Pantone 11-4201 Cloud Dancer fügt sich auffallend gut in diese Logik ein. Es ist kein strahlendes Weiß, kein kühles Reinheitsversprechen und schon gar kein modischer Effektton, sondern ein gedämpftes, beruhigendes Offwhite. Entsprechend fielen einige Reaktionen aus: Langweilig und steril, bis hin zum Einwand, ein schlichtes „Weiß“ verdiene den Status einer Trendfarbe nicht und sei bei genauerer Betrachtung nicht einmal eine Farbe. Pantone hingegen beschreibt Cloud Dancer als Symbol für eine Gesellschaft, die den Wert stiller Besinnung wiederentdeckt – eine Formulierung, die man als wohlklingende Trendrhetorik lesen kann, die aber zugleich einen Nerv trifft. In einer Zeit, die von lauten Bildern, einfachen Wahrheiten und zunehmend autoritären Gesten geprägt ist, wirkt dieses Weiß wie ein bewusster Gegenentwurf: Nicht als Flucht, sondern als Verweigerung des Dauerlärms. Nach Jahren visueller Überreizung, permanenter Sichtbarkeit und geräuschvoller Positionierung setzt Cloud Dancer auf Zurücknahme statt Zuspitzung. Es will nichts beweisen, nichts dominieren, nichts besetzen. Es setzt keinen Punkt, sondern ein Semikolon. Und das mag ich.

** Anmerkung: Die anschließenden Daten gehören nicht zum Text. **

lemma frechet_derivative_radial:
  assumes w: "smooth_on punct w" "bihom p q w" and z: "z \<noteq> 0"
  shows "frechet_derivative w (at z) (h *s z) = (h * of_int p + cnj h * of_int q) * w z"
proof -
  have d1: "((\<lambda>c. w (c *s z)) has_derivative (\<lambda>h. frechet_derivative w (at z) (h *s z))) (at 1)"
    using has_derivative_compose[OF bounded_linear_imp_has_derivative[OF bounded_linear_vector_smult_right[of z], of "at 1"]
        smooth_on_has_derivative[OF open_punct w(1), of "1 *s z"]] z by simp
  have dp: "((\<lambda>c. c powi p) has_derivative (\<lambda>h. h * of_int p)) (at (1::complex))"
    using has_derivative_power_int'[of "1::complex" p UNIV] by simp
  have dq: "((\<lambda>c. cnj c powi q) has_derivative (\<lambda>h. cnj h * of_int q)) (at (1::complex))"
    using has_derivative_power_int[of cnj 1 "\<lambda>h. cnj h" UNIV q] has_derivative_cnj[OF has_derivative_ident]
    by simp
  have d2: "((\<lambda>c. c powi p * cnj c powi q * w z) has_derivative (\<lambda>h. (h * of_int p + cnj h * of_int q) * w z)) (at 1)"
    using has_derivative_mult[OF has_derivative_mult[OF dp dq] has_derivative_const[of "w z"]]
    by (simp add: algebra_simps)
  have eq: "c powi p * cnj c powi q * w z = w (c *s z)" if "c \<in> -{0}" for c
    using w(2) z that by (simp add: bihom_def)
  have "((\<lambda>c. w (c *s z)) has_derivative (\<lambda>h. (h * of_int p + cnj h * of_int q) * w z)) (at 1)"
    using has_derivative_transform_within_open[OF d2 open_Compl[OF closed_singleton[of "0::complex"]] _ eq] by simp
  from has_derivative_unique[OF d1 this] show ?thesis
    by metis
qed

lemma
  assumes w: "smooth_on punct w" "bihom p q w" and z: "z \<noteq> 0"
  shows bihom_Euler_dz: "(\<Sum>i\<in>UNIV. z $ i * dz i w z) = of_int p * w z"
    and bihom_Euler_dzbar: "(\<Sum>i\<in>UNIV. cnj (z $ i) * dzbar i w z) = of_int q * w z"
proof -
  note D = smooth_on_has_derivative[OF open_punct w(1), of z, simplified, OF z]
  let ?A = "\<Sum>i\<in>UNIV. z $ i * dz i w z" and ?B = "\<Sum>i\<in>UNIV. cnj (z $ i) * dzbar i w z"
  have e1: "?A + ?B = (of_int p + of_int q) * w z"
    using frechet_derivative_radial[OF assms, of 1] derivative_eq_Wirtinger_sum[OF D, of "1 *s z"]
    by (simp add: sum.distrib)
  have e2: "\<i> * ?A - \<i> * ?B = (\<i> * of_int p - \<i> * of_int q) * w z"
    using frechet_derivative_radial[OF assms, of \<i>] derivative_eq_Wirtinger_sum[OF D, of "\<i> *s z"]
    by (simp add: sum.distrib sum_distrib_left sum_subtractf algebra_simps)
  have ii: "\<i> * \<i> = (-1::complex)"
    by simp
  show "?A = of_int p * w z" using e1 e2 ii by algebra
  show "?B = of_int q * w z" using e1 e2 ii by algebra
qed

lemma smooth_on_Lc_mult: "smooth_on punct w \<Longrightarrow> smooth_on punct (\<lambda>x. Lc x * w x)"
  by (intro smooth_on_mult open_punct smooth_on_Lc)

lemma dz_dzbar_Lc_mult:
  assumes w: "smooth_on punct w" and z: "z \<noteq> 0"
  shows "dz i (dzbar i (\<lambda>x. Lc x * w x)) z
    = Lsign i * (w z + z $ i * dz i w z) + Lsign i * cnj (z $ i) * dzbar i w z + Lc z * dz i (dzbar i w) z"
proof -
  note op = open_punct
  have dw: "w differentiable (at x)" if "x \<noteq> 0" for x
    using smooth_on_differentiable[OF op w(1)] that by simp
  have sdb: "smooth_on punct (dzbar i w)"
    using smooth_on_dzbar[OF op w(1)] .
  define H where "H x = Lsign i * (x $ i * w x) + Lc x * dzbar i w x" for x
  have sH: "smooth_on punct H"
    unfolding H_def[abs_def]
    by (intro smooth_on_add[OF op] smooth_on_mult[OF op] smooth_on_const[OF op] smooth_on_vec_nth[OF op]
        w(1) smooth_on_Lc[OF op] sdb)
  have "dzbar i (\<lambda>x. Lc x * w x) x = H x" if "x \<in> punct" for x
    using dzbar_mult[OF differentiable_Lc dw, of x i] that by (simp add: dzbar_Lc H_def algebra_simps)
  from dz_transform_within_open[OF op _ this sH] z
  have "dz i (dzbar i (\<lambda>x. Lc x * w x)) z = dz i H z"
    by simp
  also have "\<dots> = dz i (\<lambda>x. Lsign i * (x $ i * w x)) z + dz i (\<lambda>x. Lc x * dzbar i w x) z"
    unfolding H_def
    by (rule dz_add) (intro differentiable_mult differentiable_const differentiable_vec_nth dw z
        differentiable_Lc smooth_on_differentiable[OF op sdb] in_punct[THEN iffD2])+
  also have "dz i (\<lambda>x. Lsign i * (x $ i * w x)) z = Lsign i * (w z + z $ i * dz i w z)"
    using dz_cmult[of "\<lambda>x. x $ i * w x" z i "Lsign i"] dz_mult[OF differentiable_vec_nth(1) dw[OF z], of i i]
      differentiable_mult[OF differentiable_vec_nth(1) dw[OF z]]
    by (simp add: dz_vec_nth)
  also have "dz i (\<lambda>x. Lc x * dzbar i w x) z = Lsign i * cnj (z $ i) * dzbar i w z + Lc z * dz i (dzbar i w) z"
    using dz_mult[OF differentiable_Lc smooth_on_differentiable[OF op sdb], of z i] z by (simp add: dz_Lc)
  finally show ?thesis
    by simp
qed

text \<open>The constant \<open>n + 1 + p + q\<close> comes from \<open>dz i (dzbar i Lc) = Lsign i\<close>, summed over the
  \<open>n + 1\<close> coordinates, together with Euler's identities for \<open>w\<close>.\<close>

lemma Lap_Lc_mult:
  fixes w :: "'n::finite cvec \<Rightarrow> complex"
  assumes w: "smooth_on punct w" "bihom p q w" and z: "z \<noteq> 0"
  shows "Lap (\<lambda>x. Lc x * w x) z = Lc z * Lap w z + (of_nat CARD('n) + 1 + of_int p + of_int q) * w z"
proof -
  have "Lap (\<lambda>x. Lc x * w x) z = (\<Sum>i\<in>UNIV. Lsign i * dz i (dzbar i (\<lambda>x. Lc x * w x)) z)"
    by (simp add: Lap_eq_Lsign_sum)
  also have "\<dots> = (\<Sum>i\<in>UNIV. w z + (z $ i * dz i w z + (cnj (z $ i) * dzbar i w z
      + Lc z * (Lsign i * dz i (dzbar i w) z))))"
    unfolding dz_dzbar_Lc_mult[OF w(1) z]
    by (rule sum.cong) (simp_all add: distrib_left mult.assoc mult.left_commute[of "Lsign _" "Lc z"] add.assoc)
  also have "\<dots> = (of_nat CARD('n) + 1) * w z + of_int p * w z + of_int q * w z + Lc z * Lap w z"
  proof -
    have "(\<Sum>i\<in>(UNIV :: 'n option set). w z) = (of_nat CARD('n) + 1) * w z"
      by (simp add: sum_UNIV_option algebra_simps)
    then show ?thesis
      by (simp add: sum.distrib bihom_Euler_dz[OF w z] bihom_Euler_dzbar[OF w z]
          Lap_eq_Lsign_sum sum_distrib_left)
  qed
  finally show ?thesis
    by (simp add: algebra_simps)
qed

Vielleicht ist es kein Zufall, dass sich Cloud Dancer so mühelos olfaktorisch denken lässt. Nicht als frisches, cleanes Weiß, sondern als sanft cremiges Offwhite. Ein weich nuancierter Zustand zwischen Haut, Stoff und Stille. In der Welt der Düfte zeigt sich diese Haltung nicht über klar strahlende Helligkeit, sondern über moschusartige, milchige oder pudrige Texturen. Über Kompositionen, die nicht auf Distanz wirken, sondern Nähe zulassen, ohne sich aufzudrängen. Düfte, die keine Statements sind, die nichts erklären und nichts beweisen wollen. Die nah am Körper bleiben, manchmal fast unscheinbar sind und ihre Wirkung gerade durch ihre Zurückhaltung entfalten. Wie Cloud Dancer selbst sind sie für mich keine stilistische Aussage, sondern ein Zustand. Eine Form subtiler Aufmerksamkeit: Leise, wach, unaufgeregt. Beruhigung nicht als Rückzug, sondern als bewusste Entscheidung gegen den Lärm - und damit heute möglicherweise die radikalste Form von Stil.